Location
- 1446 Kittanning Pike Karns City, PA 16041

Information
- School district: Karns City Area School District
- NCES District ID: 4209600
- Superintendent: Dr. Eric Ritzert
- NCES School ID: 420960001154
- Principal, Grades 7-9: Mrs. Brenda Knoll
- Principal, Grades 10-12: Dr. Michael Stimac
- Teaching staff: 47.10 (FTE)
- Grades: 7-12
- Enrollment: 650 (2023-2024)
- Student to teacher ratio: 13.80
- Colors: Purple and gold
- Nickname: Gremlins
- Website: https://kchs.kcasdk12.org/

= Karns City Area Junior/Senior High School =

High school in Pennsylvania, United States

Karns City Area Junior/Senior High School is located in Karns City, Pennsylvania. It is part of the Karns City Area School District.

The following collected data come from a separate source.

lemma ereal_le_mult_epsilon:
  fixes x y :: ereal
  assumes "\<And>d::real. d > 0 \<Longrightarrow> x \<le> ereal (1 + d) * y" and "0 \<le> y"
  shows "x \<le> y"
proof (cases y)
  case (real r)
  with assms(2) have "0 \<le> r"
    by simp
  show ?thesis
  proof (rule ereal_le_epsilon2)
    fix e :: real
    assume "0 < e"
    define d where "d = e / (r + 1)"
    have "0 < d"
      using \<open>0 < e\<close> \<open>0 \<le> r\<close> by (simp add: d_def)
    have "d * r \<le> e"
      using \<open>0 < e\<close> \<open>0 \<le> r\<close> by (simp add: d_def field_simps)
    then have "ereal (1 + d) * y \<le> y + ereal e"
      using real by (simp add: algebra_simps)
    with assms(1)[OF \<open>0 < d\<close>] show "x \<le> y + ereal e"
      by (rule order_trans)
  qed
qed (use assms in auto)

lemma Limsup_compose_le:
  fixes f :: "'b \<Rightarrow> 'c::complete_lattice"
  assumes "filterlim h G F"
  shows "Limsup F (\<lambda>x. f (h x)) \<le> Limsup G f"
proof -
  have "Limsup F (\<lambda>x. f (h x)) \<le> Limsup (filtermap h F) f"
    by (rule Limsup_filtermap_ge)
  also have "\<dots> \<le> Limsup G f"
    using assms unfolding filterlim_def Limsup_def
    by (intro INF_superset_mono) (auto simp: le_filter_def)
  finally show ?thesis .
qed

lemma Liminf_compose_ge:
  fixes f :: "'b \<Rightarrow> 'c::complete_lattice"
  assumes "filterlim h G F"
  shows "Liminf G f \<le> Liminf F (\<lambda>x. f (h x))"
proof -
  have "Liminf G f \<le> Liminf (filtermap h F) f"
    using assms unfolding filterlim_def Liminf_def
    by (intro SUP_subset_mono) (auto simp: le_filter_def)
  also have "\<dots> \<le> Liminf F (\<lambda>x. f (h x))"
    by (rule Liminf_filtermap_le)
  finally show ?thesis .
qed

lemma filterlim_at_right_0_scale:
  "(c::real) > 0 \<Longrightarrow> filterlim (\<lambda>x. c * x) (at_right 0) (at_right 0)"
  by (auto simp: filterlim_at intro!: tendsto_eq_intros eventually_mono[OF eventually_at_right_less])

lemma Limsup_at_right_0_rescale:
  fixes f :: "real \<Rightarrow> 'c::complete_lattice"
  assumes "c > 0"
  shows "Limsup (at_right 0) (\<lambda>x. f (x / c)) = Limsup (at_right 0) f"
proof (rule antisym)
  show "Limsup (at_right 0) (\<lambda>x. f (x / c)) \<le> Limsup (at_right 0) f"
    using Limsup_compose_le[OF filterlim_at_right_0_scale[of "1 / c"]] assms by simp
  show "Limsup (at_right 0) f \<le> Limsup (at_right 0) (\<lambda>x. f (x / c))"
    using Limsup_compose_le[OF filterlim_at_right_0_scale[OF assms], of "\<lambda>x. f (x / c)"] assms
    by simp
qed

lemma Liminf_at_right_0_rescale:
  fixes f :: "real \<Rightarrow> 'c::complete_lattice"
  assumes "c > 0"
  shows "Liminf (at_right 0) (\<lambda>x. f (x / c)) = Liminf (at_right 0) f"
proof (rule antisym)
  show "Liminf (at_right 0) f \<le> Liminf (at_right 0) (\<lambda>x. f (x / c))"
    using Liminf_compose_ge[OF filterlim_at_right_0_scale[of "1 / c"]] assms by simp
  show "Liminf (at_right 0) (\<lambda>x. f (x / c)) \<le> Liminf (at_right 0) f"
    using Liminf_compose_ge[OF filterlim_at_right_0_scale[OF assms], of "\<lambda>x. f (x / c)"] assms
    by simp
qed

lemma Limsup_mono_up_to_factor:
  fixes f g :: "'a \<Rightarrow> ereal"
  assumes "F \<noteq> bot" and "\<forall>\<^sub>F x in F. 0 \<le> g x"
    and "\<And>d::real. d > 0 \<Longrightarrow> \<forall>\<^sub>F x in F. f x \<le> ereal (1 + d) * g x"
  shows "Limsup F f \<le> Limsup F g"
proof (rule ereal_le_mult_epsilon)
  show "0 \<le> Limsup F g"
    using assms(1,2) by (rule le_Limsup)
  fix d :: real
  assume "d > 0"
  then have "Limsup F f \<le> Limsup F (\<lambda>x. ereal (1 + d) * g x)"
    by (intro Limsup_mono assms(3))
  also have "\<dots> = ereal (1 + d) * Limsup F g"
    using assms(1) \<open>d > 0\<close> by (simp add: Limsup_ereal_mult_left)
  finally show "Limsup F f \<le> ereal (1 + d) * Limsup F g" .
qed

lemma Liminf_mono_up_to_factor:
  fixes f g :: "'a \<Rightarrow> ereal"
  assumes "F \<noteq> bot" and "\<forall>\<^sub>F x in F. 0 \<le> g x"
    and "\<And>d::real. d > 0 \<Longrightarrow> \<forall>\<^sub>F x in F. f x \<le> ereal (1 + d) * g x"
  shows "Liminf F f \<le> Liminf F g"
proof (rule ereal_le_mult_epsilon)
  show "0 \<le> Liminf F g"
    using assms(2) by (rule Liminf_bounded)
  fix d :: real
  assume "d > 0"
  then have "Liminf F f \<le> Liminf F (\<lambda>x. ereal (1 + d) * g x)"
    by (intro Liminf_mono assms(3))
  also have "\<dots> = ereal (1 + d) * Liminf F g"
    using assms(1) \<open>d > 0\<close> by (simp add: Liminf_ereal_mult_left)
  finally show "Liminf F f \<le> ereal (1 + d) * Liminf F g" .
qed

lemma time_dist_less_iff:
  assumes "n > 0"
  shows "time_dist phi \<tau> n x y < e \<longleftrightarrow> (\<forall>j<n. dist (phi x (\<tau> * real j)) (phi y (\<tau> * real j)) < e)"
proof -
  let ?d = "\<lambda>j. dist (phi x (\<tau> * real j)) (phi y (\<tau> * real j))"
  have "time_dist phi \<tau> n x y = Max (?d ` {..<n})"
    unfolding time_dist_def using assms by (intro cSup_eq_Max) auto
  also have "\<dots> < e \<longleftrightarrow> (\<forall>j<n. ?d j < e)"
    using assms by (subst Max_less_iff) auto
  finally show ?thesis .
qed

lemma uniformly_lipschitz_flowE:
  assumes "uniformly_lipschitz_flow X phi" and "\<tau> > 0"
  obtains L where "L \<ge> 1"
    and "\<And>e. e > 0 \<Longrightarrow>
           \<forall>x\<in>X. \<forall>y\<in>X. dist x y \<le> e / L \<longrightarrow> (\<forall>s\<in>{0..\<tau>}. dist (phi x s) (phi y s) < e)"
proof -
  obtain L0 where "L0 > 0" and L0: "\<forall>e>0. \<forall>x\<in>X. \<forall>y\<in>X.
      dist x y \<le> e / L0 \<longrightarrow> (\<forall>s\<in>{0..\<tau>}. dist (phi x s) (phi y s) < e)"
    using assms unfolding uniformly_lipschitz_flow_def by blast
  show thesis
  proof (rule that[of "max L0 1"])
    fix e :: real
    assume "e > 0"
    then have "e / max L0 1 \<le> e / L0"
      using \<open>L0 > 0\<close> by (simp add: frac_le)
    with L0 \<open>e > 0\<close> show "\<forall>x\<in>X. \<forall>y\<in>X. dist x y \<le> e / max L0 1 \<longrightarrow>
        (\<forall>s\<in>{0..\<tau>}. dist (phi x s) (phi y s) < e)"
      by (meson order_trans)
  qed simp
qed

locale compact_flow =
  fixes X :: "'a::metric_space set" and phi :: "'a \<Rightarrow> real \<Rightarrow> 'a"
  assumes compact: "compact X" and nonempty: "X \<noteq> {}" and flow: "is_flow X phi"
begin

lemma continuous_on_flow: "continuous_on (X \<times> UNIV) (\<lambda>(x, t). phi x t)"
  and flow_in: "x \<in> X \<Longrightarrow> phi x t \<in> X"
  and flow_add: "x \<in> X \<Longrightarrow> phi x (t + s) = phi (phi x s) t"
  using flow unfolding is_flow_def by auto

The school serves students residing in the Butler County, Clarion County, and Armstrong counties. The boroughs of Chicora, East Brady, Fairview, Karns City, Petrolia, and Bruin, as well as the townships of Parker, Fairview, Donegal, Perry, Sugarcreek, Brady's Bend, and Brady are within Karns City School District boundaries. The principals are Dr. Michael Stimac (Grades 10-12) and Mrs. Brenda Knoll (grades 7-9). The school colors are purple and gold. The school mascot is the Gremlin.